With weeks of diligent, old-fashioned reporting, David Fahrenthold of the Washington Post has been digging through the books of the Donald J. Trump Foundation. He’s discovered that Trump used his fund to buy himself a signed football helmet, that the foundation paid for at least two (2) giant-sized portraits of Donald Trump, and that Trump took more than $250,000 out of the foundation to use for paying personal debts (including an attempt to welch on a golf bet) and political payoffs.
But one of the first things that turned up: The money in Donald Trump’s foundation wasn’t coming from Donald Trump.

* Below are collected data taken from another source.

lemma inv_on_resolvent:
  fixes A :: "'a::chilbert \<Rightarrow> 'a"
  assumes "clinear A" "\<And>v. norm (A v) \<le> norm v" "cmod w < 1"
  defines "L \<equiv> \<lambda>y. y - w *\<^sub>C A y"
  shows "L (inv_on UNIV L x) = x" and "inv_on UNIV L (L x) = x" and "clinear (inv_on UNIV L)"
proof -
  define N where "N x = (\<Sum>n. w ^ n *\<^sub>C (A ^^ n) x)" for x
  have LN: "L (N x) = x" and NL: "N (L x) = x" for x
    using neumann_series[OF assms(1-3), of x] by (simp_all add: L_def N_def)
  have inv: "inv_on UNIV L x = N x" for x
    by (rule inv_on_eqI) (simp_all add: LN NL)
  have "clinear L"
    unfolding clinear_def L_def
  proof (intro conjI allI)
    show "x + y - w *\<^sub>C A (x + y) = (x - w *\<^sub>C A x) + (y - w *\<^sub>C A y)" for x y
      by (simp add: clinear_add[OF assms(1)] scaleC_add_right)
    show "c *\<^sub>C x - w *\<^sub>C A (c *\<^sub>C x) = c *\<^sub>C (x - w *\<^sub>C A x)" for c x
      by (simp add: clinear_scaleC[OF assms(1)] scaleC_scaleC complex_vector.scale_right_diff_distrib mult.commute)
  qed
  then have "clinear N"
    using LN NL by (rule clinear_inverse)
  moreover have "inv_on UNIV L = N"
    using inv by (rule ext)
  ultimately show "L (inv_on UNIV L x) = x" "inv_on UNIV L (L x) = x" "clinear (inv_on UNIV L)"
    using LN NL by simp_all
qed

section \<open>Orthonormal systems and traces\<close>

definition orth_proj :: "'a::complex_inner set \<Rightarrow> 'a \<Rightarrow> 'a" where
  "orth_proj E x = (\<Sum>e\<in>E. cinner x e *\<^sub>C e)"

Trump made no deposits to his foundation after 2008. So why were other people putting money in Trump's cookie jar?
Donald Trump’s charitable foundation has received approximately $2.3 million from companies that owed money to Trump or one of his businesses but were instructed to pay Trump’s tax-exempt foundation instead, according to people familiar with the transactions.

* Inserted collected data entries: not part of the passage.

lemma nm_words_Nil [simp]: "[] \<in> nm_words"
  and nm_words_Cons [simp]: "x # w \<in> nm_words \<longleftrightarrow> nm_elt x \<and> w \<in> nm_words"
  and nm_words_append [simp]: "u @ w \<in> nm_words \<longleftrightarrow> u \<in> nm_words \<and> w \<in> nm_words"
  by (auto simp: nm_words_def)

lemma Nminus_eq_Unm: "Nminus n = Unm"
  unfolding Nminus_def cspan_eq_span nm_words_def nm_elt_def by (simp add: setcompr_eq_image)

lemma word_in_Unm: "w \<in> nm_words \<Longrightarrow> fa_word w \<in> Unm"
  by (simp add: fa.span_base)

lemma fin_supp_Unm [simp]: "f \<in> Unm \<Longrightarrow> fin_supp f"
  by (rule fin_supp_span) auto

lemma nm_rel_gensE:
  assumes "g \<in> nm_rel_gens"
  obtains (additive) u x y w
    where "g = fa_word (u @ (x + y) # w) - fa_word (u @ x # w) - fa_word (u @ y # w)"
      "u \<in> nm_words" "w \<in> nm_words" "nm_elt x" "nm_elt y"
  | (homogeneous) u c x w
    where "g = fa_word (u @ cur_smult c x # w) - fa_smult c (fa_word (u @ x # w))"
      "u \<in> nm_words" "w \<in> nm_words" "nm_elt x"
  | (commutator) u x y w
    where "g = fa_word (u @ x # y # w) - fa_word (u @ y # x # w) - fa_word (u @ br x y # w)"
      "u \<in> nm_words" "w \<in> nm_words" "nm_elt x" "nm_elt y"
  using assms unfolding nm_rel_gens_def by blast

lemma nm_rel_gens_in_Unm: "g \<in> nm_rel_gens \<Longrightarrow> g \<in> Unm"
  by (elim nm_rel_gensE)
    (simp_all add: fa.span_diff fa.span_scale word_in_Unm nm_elt_add nm_elt_cur_smult nm_elt_bracket)

lemma Knm_subset_Unm: "f \<in> Knm \<Longrightarrow> f \<in> Unm"
  using fa.span_minimal[OF _ fa.subspace_span, of nm_rel_gens] nm_rel_gens_in_Unm by auto

lemma fin_supp_Knm: "f \<in> Knm \<Longrightarrow> fin_supp f"
  using Knm_subset_Unm fin_supp_Unm by blast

But why would Trump direct funds that were supposed to go to his company into his foundation instead? Does it mean that Trump really was making donations after all? There’s another possibility.
Did Trump, in fact, pay income tax in the cases where he directed his own fees to the Trump Foundation?
That’s … a really interesting question.
Donald Trump has already had to pay a fine for the $25,000 pay-for-play check he cut for Florida AG Pam Bondi. But Trump hasn’t yet paid a penalty for the $100,000 he spent attacking New York AG Eric Schneiderman, or the violations of self-dealing rules in using foundation funds to pay his own bills.
Donald Trump has violated the law multiple times by misusing his foundation. Did he also use the foundation to take in payments without paying taxes? We can’t know until we see his taxes.